| Dataset |
lemma gen_fun_left_has_sum:
  assumes "1 \<le> s"
  shows "((\<lambda>t. s powi t * pmf F t) has_sum left_gf (1 / s)) {..<0}"
proof -
  have "(\<lambda>n. left_weight n * (1 / s) ^ n) sums left_gf (1 / s)"
    unfolding left_gf_def using assms by (intro summable_sums summable_left_gf) auto
  hence "((\<lambda>n. left_weight n * (1 / s) ^ n) has_sum left_gf (1 / s)) UNIV"
    by (rule sums_nonneg_imp_has_sum) (use assms in \<open>simp add: left_weight_nonneg\<close>)
  hence "((\<lambda>n. left_weight n * (1 / s) ^ n) has_sum left_gf (1 / s)) {1..}"
    by (subst (asm) has_sum_cong_neutral[where T="{1..}"]) (auto simp: left_weight_def)
  moreover have "((\<lambda>t. s powi t * pmf F t) has_sum left_gf (1 / s)) {..<0}
      \<longleftrightarrow> ((\<lambda>n. left_weight n * (1 / s) ^ n) has_sum left_gf (1 / s)) {1..}"
    by (rule has_sum_reindex_bij_witness[where i="\<lambda>n. - int n" and j="\<lambda>t. nat (- t)"])
       (auto simp: left_weight_def power_int_def power_one_over field_simps)
  ultimately show ?thesis by simp
qed

lemma gen_fun_right_has_sum:
  assumes "0 < s" "s < 1 / r"
  shows "((\<lambda>t. s powi t * pmf F t) has_sum \<xi> * (1 - r) / (1 - r * s)) {0..}"
proof -
  have rs: "0 \<le> r * s" "r * s < 1" using assms r by (auto simp: field_simps)
  have "((\<lambda>k. (r * s) ^ k) has_sum 1 / (1 - r * s)) UNIV"
    using geometric_sums[of "r * s"] rs by (intro sums_nonneg_imp_has_sum) auto
  from has_sum_cmult_right[OF this, of "\<xi> * (1 - r)"]
  have "((\<lambda>k. \<xi> * (1 - r) * (r * s) ^ k) has_sum \<xi> * (1 - r) / (1 - r * s)) UNIV"
    by simp
  moreover have "((\<lambda>t. s powi t * pmf F t) has_sum \<xi> * (1 - r) / (1 - r * s)) {0..}
      \<longleftrightarrow> ((\<lambda>k. \<xi> * (1 - r) * (r * s) ^ k) has_sum \<xi> * (1 - r) / (1 - r * s)) UNIV"
  proof (rule has_sum_reindex_bij_witness[where i="\<lambda>n. int n" and j="\<lambda>t. nat t"])
    fix t :: int
    assume "t \<in> {0..}"
    thus "\<xi> * (1 - r) * (r * s) ^ nat t = s powi t * pmf F t"
      using pmf_of_nat[of "nat t"] by (simp add: power_int_def power_mult_distrib)
  qed auto
  ultimately show ?thesis by simp
qed

lemma gen_fun_has_sum:
  assumes "1 \<le> s" "s < 1 / r"
  shows "((\<lambda>t. s powi t * pmf F t) has_sum gen_fun s) UNIV"
proof -
  have "((\<lambda>t. s powi t * pmf F t) has_sum gen_fun s) ({..<0} \<union> {0..})"
    unfolding gen_fun_def using assms
    by (intro has_sum_Un_disjoint gen_fun_left_has_sum gen_fun_right_has_sum) auto
  moreover have "{..<0} \<union> {0..} = (UNIV :: int set)" by auto
  ultimately show ?thesis by simp
qed

lemma gen_fun_1: "gen_fun 1 = 1"
proof -
  have "((\<lambda>t. 1 powi t * pmf F t) has_sum gen_fun 1) UNIV"
    using r by (intro gen_fun_has_sum) auto
  moreover have "((\<lambda>t. 1 powi t * pmf F t) has_sum 1) UNIV"
    using has_sum_pmf[of F UNIV] by simp
  ultimately show ?thesis using has_sum_unique by blast
qed

lemma isCont_gen_fun:
  assumes "1 < s" "s < 1 / r"
  shows "isCont gen_fun s"
proof -
  have "isCont (\<lambda>u. \<Sum>n. left_weight n * u ^ n) (1 / s)"
    by (rule isCont_powser[OF summable_left_gf[of 1]]) (use assms in auto)
  moreover have "isCont (\<lambda>s. 1 / s) s" using assms by (intro continuous_intros) auto
  ultimately have "isCont (\<lambda>s. left_gf (1 / s)) s"
    unfolding left_gf_def by (rule isCont_o2[rotated])
  moreover have "1 - r * s \<noteq> 0" using assms r by (simp add: field_simps)
  ultimately show ?thesis
    unfolding gen_fun_def[abs_def] by (intro continuous_intros) auto
qed
lemma nonneg_inverse_injection:
  fixes c d :: "nat \<Rightarrow> nat \<Rightarrow> 'a::linordered_idom"
  assumes c_nonneg: "\<forall>j<m. \<forall>i<n. 0 \<le> c j i" and d_nonneg: "\<forall>i<n. \<forall>k<m. 0 \<le> d i k"
    and cd: "\<forall>j<m. \<forall>k<m. (\<Sum>i<n. c j i * d i k) = (if j = k then 1 else 0)"
  obtains \<sigma> where "inj_on \<sigma> {..<m}" "\<sigma> ` {..<m} \<subseteq> {..<n}"
    and "\<forall>j<m. 0 < c j (\<sigma> j) \<and> 0 < d (\<sigma> j) j"
proof
  define \<sigma> where "\<sigma> j = (SOME i. i < n \<and> 0 < c j i \<and> 0 < d i j)" for j
  have \<sigma>: "\<sigma> j < n \<and> 0 < c j (\<sigma> j) \<and> 0 < d (\<sigma> j) j" if "j < m" for j
    unfolding \<sigma>_def using someI_ex[OF nonneg_inverse_support_diag[OF assms that]] .
  then show "\<sigma> ` {..<m} \<subseteq> {..<n}" "\<forall>j<m. 0 < c j (\<sigma> j) \<and> 0 < d (\<sigma> j) j" by auto
  show "inj_on \<sigma> {..<m}"
  proof (rule inj_onI, rule ccontr)
    fix j j' assume j: "j \<in> {..<m}" and j': "j' \<in> {..<m}" and "\<sigma> j = \<sigma> j'" "j \<noteq> j'"
    moreover have "\<sigma> j < n" "0 < c j (\<sigma> j)" using \<sigma> j by auto
    ultimately have "d (\<sigma> j) j' = 0"
      using nonneg_inverse_support_zero[OF assms, of j "\<sigma> j" j'] j j' by simp
    then show False using \<sigma> j' \<open>\<sigma> j = \<sigma> j'\<close> by fastforce
  qed
qed

lemma nonneg_inverse_monomial:
  fixes c d :: "nat \<Rightarrow> nat \<Rightarrow> 'a::linordered_idom"
  assumes c_nonneg: "\<forall>j<m. \<forall>i<n. 0 \<le> c j i" and d_nonneg: "\<forall>i<n. \<forall>k<m. 0 \<le> d i k"
    and cd: "\<forall>j<m. \<forall>k<m. (\<Sum>i<n. c j i * d i k) = (if j = k then 1 else 0)"
    and dc: "\<forall>i<n. \<forall>l<n. (\<Sum>j<m. d i j * c j l) = (if i = l then 1 else 0)"
  shows "m = n \<and> (\<exists>\<sigma>. \<sigma> permutes {..<n} \<and> (\<forall>j<n. \<forall>i<n. i \<noteq> \<sigma> j \<longrightarrow> c j i = 0))"
proof -
  obtain \<sigma> where \<sigma>_inj: "inj_on \<sigma> {..<m}" and \<sigma>_into: "\<sigma> ` {..<m} \<subseteq> {..<n}"
    and \<sigma>_pos: "\<forall>j<m. 0 < c j (\<sigma> j) \<and> 0 < d (\<sigma> j) j"
    using nonneg_inverse_injection[OF c_nonneg d_nonneg cd] by blast
  obtain \<tau> where \<tau>_inj: "inj_on \<tau> {..<n}" and \<tau>_into: "\<tau> ` {..<n} \<subseteq> {..<m}"
    by (rule nonneg_inverse_injection[OF d_nonneg c_nonneg dc]) blast
  have mn: "m = n"
    using card_inj_on_le[OF \<sigma>_inj \<sigma>_into] card_inj_on_le[OF \<tau>_inj \<tau>_into] by simp
  have \<sigma>_onto: "\<sigma> ` {..<n} = {..<n}"
    using endo_inj_surj[of "{..<n}" \<sigma>] \<sigma>_inj \<sigma>_into mn by simp
  define \<pi> where "\<pi> j = (if j < n then \<sigma> j else j)" for j
  have "bij_betw \<pi> {..<n} {..<n}"
    using \<sigma>_inj \<sigma>_onto mn unfolding bij_betw_def inj_on_def \<pi>_def by (auto simp: image_def)
  then have \<pi>_perm: "\<pi> permutes {..<n}"
    by (rule bij_imp_permutes) (simp add: \<pi>_def)
  have off: "c j i = 0" if j: "j < n" and i: "i < n" and ne: "i \<noteq> \<sigma> j" for j i
  proof (rule ccontr)
    assume "c j i \<noteq> 0"
    then have pos: "0 < c j i" using c_nonneg j i mn by (simp add: order_less_le)
    obtain j' where j': "j' < n" "i = \<sigma> j'" using \<sigma>_onto i by (metis imageE lessThan_iff)
    then have "d i j' = 0"
      using nonneg_inverse_support_zero[OF c_nonneg d_nonneg cd, of j i j'] pos j i ne mn by auto
    then show False using \<sigma>_pos j' mn by auto
  qed
  show ?thesis
    using mn \<pi>_perm off by (intro conjI exI[of _ \<pi>]) (auto simp: \<pi>_def)
qed

lemma nonneg_inverse_stochastic_permutation:
  fixes c d :: "nat \<Rightarrow> nat \<Rightarrow> 'a::linordered_idom"
  assumes c_nonneg: "\<forall>j<m. \<forall>i<n. 0 \<le> c j i" and d_nonneg: "\<forall>i<n. \<forall>k<m. 0 \<le> d i k"
    and cd: "\<forall>j<m. \<forall>k<m. (\<Sum>i<n. c j i * d i k) = (if j = k then 1 else 0)"
    and dc: "\<forall>i<n. \<forall>l<n. (\<Sum>j<m. d i j * c j l) = (if i = l then 1 else 0)"
    and column_sums: "\<forall>i<n. (\<Sum>j<m. c j i) = 1"
  shows "m = n \<and> (\<exists>\<sigma>. \<sigma> permutes {..<n} \<and> (\<forall>j<n. \<forall>i<n. c j i = (if i = \<sigma> j then 1 else 0)))"
proof -
  obtain \<sigma> where mn: "m = n" and \<sigma>: "\<sigma> permutes {..<n}"
    and off: "\<forall>j<n. \<forall>i<n. i \<noteq> \<sigma> j \<longrightarrow> c j i = 0"
    using nonneg_inverse_monomial[OF assms(1-4)] by blast
  have diag: "c j (\<sigma> j) = 1" if j: "j < n" for j
  proof -
    have \<sigma>j: "\<sigma> j < n" using permutes_in_image[OF \<sigma>] j by simp
    have "(\<Sum>k<n. c k (\<sigma> j)) = (\<Sum>k<n. if k = j then c j (\<sigma> j) else 0)"
      using off \<sigma>j permutes_inj[OF \<sigma>] by (intro sum.cong) (auto simp: inj_eq)
    then show ?thesis using column_sums \<sigma>j j mn by simp
  qed
  show ?thesis
    using mn \<sigma> off diag by (intro conjI exI[of _ \<sigma>]) auto
qed

section \<open>Linear combinations in a von Neumann algebra\<close>

lemma cmul_one [simp]: "cmul J 1 x = x"
  by (simp add: cmul_def)

lemma cmul_zero [simp]: "cmul J 0 x = 0"
  by (simp add: cmul_def)

lemma cmul_diff_left: "cmul J (c - d) x = cmul J c x - cmul J d x"
  by (simp add: cmul_def algebra_simps)

lemma commutant_memD:
  assumes "T \<in> commutant J X" and "R \<in> X"
  shows "T (R x) = R (T x)"
  using assms by (auto simp: commutant_def fun_eq_iff)

lemma add_mem_commutant:
  assumes X: "X \<subseteq> {T. bop J T}" and J: "linear J"
    and S: "S \<in> commutant J X" and T: "T \<in> commutant J X"
  shows "(\<lambda>x. S x + T x) \<in> commutant J X"
proof -
  have "R (S x + T x) = R (S x) + R (T x)" if "R \<in> X" for R x
    using X that by (auto simp: bop_def bounded_linear.linear linear_add)
  then have "\<forall>R\<in>X. (\<lambda>x. S x + T x) \<circ> R = R \<circ> (\<lambda>x. S x + T x)"
    using commutant_memD[OF S] commutant_memD[OF T] by (simp add: fun_eq_iff)
  with S T show ?thesis
    unfolding commutant_def bop_def by (simp add: bounded_linear_add linear_add[OF J])
qed

lemma cmul_mem_commutant:
  assumes X: "X \<subseteq> {T. bop J T}" and J: "bounded_linear J" and T: "T \<in> commutant J X"
  shows "(\<lambda>x. cmul J c (T x)) \<in> commutant J X"
proof -
  have T_lin: "bounded_linear T" and TJ: "\<forall>x. T (J x) = J (T x)"
    using T by (auto simp: commutant_def bop_def)
  have "bounded_linear (\<lambda>x. Re c *\<^sub>R T x - Im c *\<^sub>R J (T x))"
    by (intro bounded_linear_sub bounded_linear_compose[OF bounded_linear_scaleR_right]
        bounded_linear_compose[OF J T_lin] T_lin)
  moreover have "\<forall>x. cmul J c (T (J x)) = J (cmul J c (T x))"
    using TJ J by (simp add: cmul_def bounded_linear.linear linear_diff linear_scale)
  moreover have "R (cmul J c (T x)) = cmul J c (T (R x))" if "R \<in> X" for R x
    using X that commutant_memD[OF T that]
    by (auto simp: bop_def cmul_def bounded_linear.linear linear_diff linear_scale)
  then have "\<forall>R\<in>X. (\<lambda>x. cmul J c (T x)) \<circ> R = R \<circ> (\<lambda>x. cmul J c (T x))"
    by (simp add: fun_eq_iff)
  ultimately show ?thesis
    unfolding commutant_def bop_def by (simp add: cmul_def)
qed

lemma zero_mem_commutant:
  assumes X: "X \<subseteq> {T. bop J T}" and J: "linear J"
  shows "(\<lambda>x. 0) \<in> commutant J X"
  using X J by (auto simp: commutant_def bop_def fun_eq_iff bounded_linear.linear linear_0)

lemma von_neumann_algebra_lincomb_mem:
  fixes k :: nat
  assumes V: "von_neumann_algebra J A" and a: "\<forall>i<k. a i \<in> A"
  shows "(\<lambda>\<xi>. \<Sum>i<k. cmul J (c i) (a i \<xi>)) \<in> A"
proof -
  define X where "X = commutant J A"
  have X: "X \<subseteq> {T. bop J T}" and A: "A = commutant J X" and J: "bounded_linear J"
    using V by (auto simp: X_def von_neumann_algebra_def commutant_def complex_structure_def)
  show ?thesis
    using a
  proof (induction k)
    case 0
    show ?case using zero_mem_commutant[OF X bounded_linear.linear[OF J]] A by simp
  next
    case (Suc k)
    then show ?case
      using add_mem_commutant[OF X bounded_linear.linear[OF J]] cmul_mem_commutant[OF X J] A
      by simp
  qed
qed

lemma linear_functional_on_lincomb:
  fixes k :: nat
  assumes V: "von_neumann_algebra J A" and f: "linear_functional_on J A f"
    and a: "\<forall>i<k. a i \<in> A"
  shows "f (\<lambda>\<xi>. \<Sum>i<k. cmul J (c i) (a i \<xi>)) = (\<Sum>i<k. c i * f (a i))"
  using a
proof (induction k)
  case 0
  have zero: "(\<lambda>_. 0) \<in> A"
    using von_neumann_algebra_lincomb_mem[OF V, of 0] by simp
  have "\<forall>c. \<forall>T\<in>A. f (\<lambda>x. cmul J c (T x)) = c * f T"
    using f unfolding linear_functional_on_def by blast
  from bspec[OF spec[OF this, of 0] zero] show ?case by simp
next
  case (Suc k)
  then have "(\<lambda>\<xi>. \<Sum>i<k. cmul J (c i) (a i \<xi>)) \<in> A" "(\<lambda>\<xi>. cmul J (c k) (a k \<xi>)) \<in> A"
    using von_neumann_algebra_lincomb_mem[OF V, of k a c]
      von_neumann_algebra_lincomb_mem[OF V, of 1 "\<lambda>_. a k" "\<lambda>_. c k"] by auto
  with Suc f show ?case
    unfolding linear_functional_on_def by simp
qed
(* Let $A\subseteq\mathbb{N}$ and let $f\colon\deg_e(A)\to\mathcal{P}(\mathbb{N})$ be uniformly $e$-invariant and not constant. Then there is $B\in\deg_e(A)$ such that $f(A\oplus B)\neq f(A\oplus\varnothing)$ or $f(A\oplus B)\neq f(\varnothing\oplus B)$.
   Context: $X\oplus Y=\{2n:n\in X\}\cup\{2n+1:n\in Y\}$. Enumeration reducibility: for $A,B\subseteq\mathbb{N}$, $A\le_e B$ if $A=\Gamma(B):=\{n:\exists D\subseteq B,\ \langle n,D\rangle\in\Gamma\}$ for some c.e. set $\Gamma$ of pairs $\langle n,D\rangle$ with $D$ finite (canonical index); $(\Gamma_i)_{i\in\mathbb{N}}$ is the standard computable numbering of these enumeration operators. $A\equiv_e B$ iff $A\le_e B\le_e A$; $\deg_e(A)=\{B: B\equiv_e A\}$. Let $\mathcal{X}\subseteq\mathcal{P}(\mathbb{N})$ be closed under $\equiv_e$. A function $f\colon\mathcal{X}\to\mathcal{P}(\mathbb{N})$ is $e$-invariant if $A\equiv_e B$ implies $f(A)\equiv_e f(B)$. Write $A\equiv_e B$ via $\langle i,j\rangle$ if $\Gamma_i(A)=B$ and $\Gamma_j(B)=A$ (with $\langle\cdot,\cdot\rangle$ a fixed computable pairing bijection). A function $u\colon\mathbb{N}\to\mathbb{N}$ is a uniformity function for $f$ if for all $A,B\in\mathcal{X}$ and all $i,j$, whenever $A\equiv_e B$ via $\langle i,j\rangle$ then $f(A)\equiv_e f(B)$ via $u(\langle i,j\rangle)$. $f$ is uniformly $e$-invariant if it has some uniformity function. "Not constant" means there are $C,D\in\deg_e(A)$ with $f(C)\neq f(D)$. *)

theory Defs
  imports Main "HOL-Library.Nat_Bijection"
begin
(* Fix a finite set $\Omega$, an integer $k\ge2$ and a finite set $\Psi$ of functions $\Omega^k\to(0,\infty)$. For every $\varepsilon>0$ and $R>0$ there is $\varepsilon'>0$ such that the following holds. Let $G$ be any factor graph, $U\subset V(G)$ a cavity with $|U|\le R$ and $|\partial U|\le R$, and $Y$ the set of variable nodes at distance $2$ from $U$ (in the bipartite graph of $G$), and suppose every constraint node $a$ with $\partial a\cap U\ne\emptyset$ has $\psi_a\in\Psi$. Suppose $\big\|\mu_{G\setminus\partial U,Y}-\bigotimes_{y\in Y}\mu_{G\setminus\partial U,y}\big\|_{TV}<\varepsilon'$. Then $\sum_{\sigma\in\Omega^U}|\bar\mu_{G,U}(\sigma)-\mu_{G,U}(\sigma)|<\varepsilon$. Moreover, if the hypothesis holds for a cavity $U=\{x\}$ consisting of a single variable node $x$ with $|\partial x|\le R$, then, letting $\mu$ denote the standard messages $(\mu_{G,y\to a},\mu_{G,a\to y})$ and $\hat\mu=\mathrm{BP}(\mu)$, $\sum_{a\in\partial x}\sum_{\sigma\in\Omega}\big(|\mu_{G,x\to a}(\sigma)-\hat\mu_{G,x\to a}(\sigma)|+|\mu_{G,a\to x}(\sigma)-\hat\mu_{G,a\to x}(\sigma)|\big)<\varepsilon$.
   Context: A factor graph $G=(V,F,(\partial a)_{a\in F},(\psi_a)_{a\in F})$ has variable nodes $V$, constraint nodes $F$, for each $a$ a tuple $\partial a\in V^{k_a}$ of neighbours and a weight function $\psi_a:\Omega^{k_a}\to(0,\infty)$; its Gibbs distribution is $\mu_G(\sigma)\propto\prod_{a\in F}\psi_a(\sigma|_{\partial a})$ and $\mu_{G,U}$ denotes the marginal on $U\subset V$. $G$ induces a bipartite graph joining $a$ to its neighbours $\partial a$ (also viewed as a set); $\partial x$ is the set of constraint nodes adjacent to $x$. $\|p-q\|_{TV}=\frac12\sum|p-q|$. $\emptyset\ne U\subset V$ is a cavity if (CAV1) the induced subgraph $G[U]$ (variable nodes $U$ and all $a$ with $\partial a\subset U$) is acyclic; (CAV2) every $a$ with $\partial a\not\subset U$ has $|\partial a\cap U|\le1$; (CAV3) for distinct $a,b$ with $\partial a\cap U\ne\emptyset\ne\partial b\cap U$, $(\partial a\cap\partial b)\setminus U=\emptyset$. $\partial U$ is the set of $a$ with $\partial a\cap U\ne\emptyset\ne\partial a\setminus U$; $x_{a\to U}$ is the unique node of $U\cap\partial a$. $G\setminus\partial U$ is the factor graph obtained by deleting the constraint nodes in $\partial U$. Standard messages (unconditioned): $\mu_{G,a\to x}(\tau)\propto\sum_{\sigma}\mathbf 1\{\sigma_x=\tau\}\prod_{b\in F\setminus(\partial x\setminus\{a\})}\psi_b(\sigma|_{\partial b})$ (the marginal of $x$ after deleting all constraint nodes of $\partial x$ except $a$) and $\mu_{G,x\to a}(\tau)\propto\sum_\sigma\mathbf 1\{\sigma_x=\tau\}\prod_{b\in F\setminus\{a\}}\psi_b(\sigma|_{\partial b})$. $\bar\mu_{G,U}(\sigma)\propto\mu_{G[U]}(\sigma)\prod_{a\in\partial U}\mu_{G,a\to x_{a\to U}}(\sigma_{x_{a\to U}})$ for $\sigma\in\Omega^U$, where $\mu_{G[U]}(\sigma)\propto\prod_{\partial a\subset U}\psi_a(\sigma|_{\partial a})$. The Belief Propagation operator maps messages $\nu=(\nu_{x\to a},\nu_{a\to x})$ to $\hat\nu$ with $\hat\nu_{x\to a}(\sigma)\propto\prod_{b\in\partial x\setminus a}\nu_{b\to x}(\sigma)$ and $\hat\nu_{a\to x}(\sigma)\propto\sum_{\tau\in\Omega^{\partial a}}\mathbf 1\{\tau_x=\sigma\}\psi_a(\tau)\prod_{y\in\partial a\setminus x}\nu_{y\to a}(\tau_y)$. *)

theory Defs
  imports Complex_Main "HOL-Library.FuncSet"
begin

| What this task involves |
Report only how many lines in the entries contain "shows".

| Completed task |
12